There are the threats to ruin your life, the phone calls, the constant messages, the character assassination, the false accusations, the fabricated and fantastical stories, the sexually explicit comments, the conspiracy theories and the need for constant attention regardless of how negative the circumstances.

He contacted my employers, my work colleagues, my union, my friends, my family, politicians. He phoned social services and made false reports about my grandchildren, causing my family enormous distress.

Each morning I would put a face on and walk out into the world to do what can be a very public job, while inside I was terrified of what would happen next. I didn’t want to ask for help because I’m big tough Allison Morris and I don’t need sympathy.

During this time I met the best and the worst of the PSNI - the officers who are brilliant at their jobs, who save lives by their actions, and those I wouldn’t leave in charge of supermarket security.

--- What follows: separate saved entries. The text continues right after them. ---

lemma triangle_edge_image:
  assumes x: "x \<in> W" and y: "y \<in> W"
  shows "triangle_edge F' (\<phi> x) (\<phi> y) \<longleftrightarrow> triangle_edge F x y"
proof
  assume "triangle_edge F' (\<phi> x) (\<phi> y)"
  then obtain z' where xy': "(\<phi> x, \<phi> y) \<in> F'" and xz': "(\<phi> x, z') \<in> F'"
    and yz': "(\<phi> y, z') \<in> F'"
    unfolding triangle_edge_def by blast
  obtain z where z: "z \<in> W" "z' = \<phi> z" and "(x, z) \<in> F"
    using nbr_image[OF x xz'] .
  moreover have "(x, y) \<in> F" using edge_iff[OF x y] xy' by simp
  moreover have "(y, z) \<in> F" using edge_iff[OF y z(1)] yz' z(2) by simp
  ultimately show "triangle_edge F x y" unfolding triangle_edge_def by blast
next
  assume "triangle_edge F x y"
  then obtain z where "(x, y) \<in> F" "(x, z) \<in> F" "(y, z) \<in> F"
    unfolding triangle_edge_def by blast
  moreover have z: "z \<in> W" using calculation(2) edges_within by blast
  ultimately show "triangle_edge F' (\<phi> x) (\<phi> y)"
    unfolding triangle_edge_def using edge_iff[OF x y] edge_iff[OF x z] edge_iff[OF y z] by blast
qed

lemma nbhds_linked_image:
  assumes c: "c \<in> W" and linked: "nbhds_linked F c A B"
  shows "nbhds_linked F' (\<phi> c) (\<phi> ` A) (\<phi> ` B)"
proof -
  obtain d e where A: "A \<in> triangle_nbhds F c" and B: "B \<in> triangle_nbhds F c" and "A \<noteq> B"
    and d: "d \<in> A" and e: "e \<in> B"
    and only_c: "\<And>f. triangle_edge F d f \<Longrightarrow> triangle_edge F e f \<Longrightarrow> f = c"
    using linked unfolding nbhds_linked_def by blast
  have AW: "A \<subseteq> W" and BW: "B \<subseteq> W" using triangle_nbhds_subset A B by auto
  then have dW: "d \<in> W" and eW: "e \<in> W" using d e by auto
  have "\<phi> ` A \<noteq> \<phi> ` B" using image_eq_iff[OF AW BW] \<open>A \<noteq> B\<close> by blast
  moreover have "f' = \<phi> c"
    if de': "triangle_edge F' (\<phi> d) f'" "triangle_edge F' (\<phi> e) f'" for f'
  proof -
    obtain f where f: "f \<in> W" "f' = \<phi> f"
      using de'(1) nbr_image[OF dW] unfolding triangle_edge_def by metis
    then have "triangle_edge F d f" "triangle_edge F e f"
      using de' triangle_edge_image[OF dW f(1)] triangle_edge_image[OF eW f(1)] by simp_all
    then show ?thesis using only_c f(2) by simp
  qed
  ultimately show ?thesis
    unfolding nbhds_linked_def using triangle_nbhds_image[OF c] A B d e by blast
qed

end

lemma graph_iso_imp_graph_isomorphism:
  assumes "graph_iso W F W' F'" and "F \<subseteq> W \<times> W" and "F' \<subseteq> W' \<times> W'"
  obtains \<phi> where "graph_isomorphism W F W' F' \<phi>"
proof -
  obtain \<phi> where "bij_betw \<phi> W W'" and "\<forall>x\<in>W. \<forall>y\<in>W. (x, y) \<in> F \<longleftrightarrow> (\<phi> x, \<phi> y) \<in> F'"
    using assms(1) unfolding graph_iso_def by blast
  with assms(2,3) have "graph_isomorphism W F W' F' \<phi>"
    by unfold_locales auto
  then show thesis by (rule that)
qed

section \<open>Recolourings at a single vertex\<close>

definition recolourings_at ::
    "'a set \<Rightarrow> ('a \<times> 'a) set \<Rightarrow> nat \<Rightarrow> ('a \<Rightarrow> nat) \<Rightarrow> 'a \<Rightarrow> ('a \<Rightarrow> nat) set" where
  "recolourings_at V E k c v = {d \<in> colourings V E k. diff_set c d = {v}}"

lemma recolourings_at_unique:
  "d \<in> recolourings_at V E k c u \<Longrightarrow> d \<in> recolourings_at V E k c v \<Longrightarrow> u = v"
  unfolding recolourings_at_def by auto

lemma recolourings_atD:
  assumes "d \<in> recolourings_at V E k c v"
  shows "d \<in> colourings V E k" and "d v \<noteq> c v" and "w \<noteq> v \<Longrightarrow> d w = c w"
  using assms diff_set_singletonD[of c d v] unfolding recolourings_at_def by auto

lemma recolourings_at_diff_set:
  assumes d: "d \<in> recolourings_at V E k c v" and e: "e \<in> recolourings_at V E k c v" and "d \<noteq> e"
  shows "diff_set d e = {v}"
proof (rule diff_set_singletonI)
  show same: "d w = e w" if "w \<noteq> v" for w
    using recolourings_atD(3)[OF d that] recolourings_atD(3)[OF e that] by simp
  show "d v \<noteq> e v"
  proof
    assume "d v = e v"
    then have "d w = e w" for w using same by (cases "w = v") auto
    then show False using \<open>d \<noteq> e\<close> by blast
  qed
qed

lemma recolouring_at_kempe_edge:
  assumes "c \<in> colourings V E k" and "d \<in> recolourings_at V E k c v"
  shows "(c, d) \<in> kempe_edges V E k"
proof (rule single_vertex_kempe_edge[OF assms(1)])
  show "d \<in> colourings V E k" "diff_set c d = {v}"
    using assms(2) unfolding recolourings_at_def by auto
qed

lemma recolourings_at_kempe_edge:
  assumes d: "d \<in> recolourings_at V E k c v" and e: "e \<in> recolourings_at V E k c v" and "d \<noteq> e"
  shows "(d, e) \<in> kempe_edges V E k"
  using single_vertex_kempe_edge[OF recolourings_atD(1)[OF d] recolourings_atD(1)[OF e]]
    recolourings_at_diff_set[OF assms] .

Non Molestation Orders are only available by an application to the family court. It can be an expensive, traumatising experience, easily exploited by a stalker with too much time on their hands.

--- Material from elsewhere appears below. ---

(* Let $q,z,m$ be positive integers with $q\geq 2$ and $z<q$, and put $L=\lfloor\frac{q-1}{q-z}\rfloor$. Index rows by $\mathbf{a}=(a_0,\ldots,a_{m-1})\in\mathbb{Z}_q^m$. Define the $q^m\times mLq$ array $\mathbf{P}=(p_{\mathbf{a},(b,\delta,\varepsilon)})$ with columns $(b,\delta,\varepsilon)$, $b\in\mathbb{Z}_q$, $0\leq\delta<m$, $\varepsilon\in\{0,\ldots,L-1\}$, by: $p_{\mathbf{a},(b,\delta,\varepsilon)}=*$ if $a_\delta\in\{b,b-1,\ldots,b-(z-1)\}$, and otherwise $p_{\mathbf{a},(b,\delta,\varepsilon)}=(a_0,\ldots,a_{\delta-1},\,b-\varepsilon(q-z),\,a_{\delta+1},\ldots,a_{m-1},\,a_\delta-b-1)$. Define the $q^m\times q$ array $\mathbf{C}=(c_{\mathbf{a},(b,m)})$ with columns $(b,m)$, $b\in\mathbb{Z}_q$, by: $c_{\mathbf{a},(b,m)}=*$ if $\sum_{l=0}^{m-1}a_l\in\{b,b+1,\ldots,b+(z-1)\}$, and otherwise $c_{\mathbf{a},(b,m)}=(a_0,\ldots,a_{m-1},\,b-\sum_{l=0}^{m-1}a_l-1)$. All arithmetic is modulo $q$. Then $(\mathbf{P},\mathbf{C})$ (the columns of $\mathbf{P}$ followed by those of $\mathbf{C}$) is an $\big((mL+1)q,\ q^m,\ zq^{m-1},\ (q-z)q^m\big)$ placement delivery array. In particular the associated coded caching scheme has $\frac{M}{N}=\frac{z}{q}$ and rate $R=q-z$.
   Context: A $(K,F,Z,S)$ placement delivery array (PDA) is an $F\times K$ array whose entries are either a special symbol $*$ or one of $S$ distinct non-star symbols (identified with $1,\ldots,S$), such that: (C1) $*$ appears exactly $Z$ times in each column; (C2) each of the $S$ symbols occurs at least once; (C3) for any two distinct entries $p_{j_1,k_1}=p_{j_2,k_2}=s$ with $s$ a non-star symbol, we have $j_1\neq j_2$, $k_1\neq k_2$, and $p_{j_1,k_2}=p_{j_2,k_1}=*$. A $(K,F,Z,S)$ PDA yields an $F$-division coded caching scheme for $K$ users with memory ratio $M/N=Z/F$ and rate $R=S/F$. The non-star symbols here are vectors in $\mathbb{Z}_q^{m+1}$. *)

theory Defs
  imports Complex_Main
begin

My abuser used this system to financially and emotionally harass me until April 2018 when a judge noted the proceedings had become part of the harassment.

This I’ve found is a common feature in stalking and harassment cases, and one that the recent public consultation on stalking has not accurately reflected.

Protection orders are not available to everyone and not always properly enforced, and victims are not kept up to date with progress. A single point of contact with police could help identify patterns of behaviour more expediently.

Fast-tracked justice would mean there would be consequences for actions, rather than victims left waiting over a year for a day in court, and bail must be properly enforced.

I often work in the courts and watch as domestic abusers are bailed and rebailed time and time again despite numerous breaches.

Officers and the judiciary must be properly trained in new technology, now a big part of stalking cases.

If I struggled at times to navigate this system, what must it be like for more vulnerable victims who don’t have that support network?

I still feel stigmatised by being the victim of domestic crime and that should not be the case.

On Thursday February 6, a court ruled that my abuser must serve his 14-month sentence. He will spend seven of those behind bars.

This was after appealing his second conviction, and he still refuses to accept any responsibility despite having been now found guilty by three separate judges.

I’m far from convinced my ordeal is over, but I am hopeful that legislative change will soon make stalking a criminal offence, with tailored protection orders and sentences that reflect the seriousness of the crime.

Until then, I despair for those victims living in fear of the what next, every moment of every day.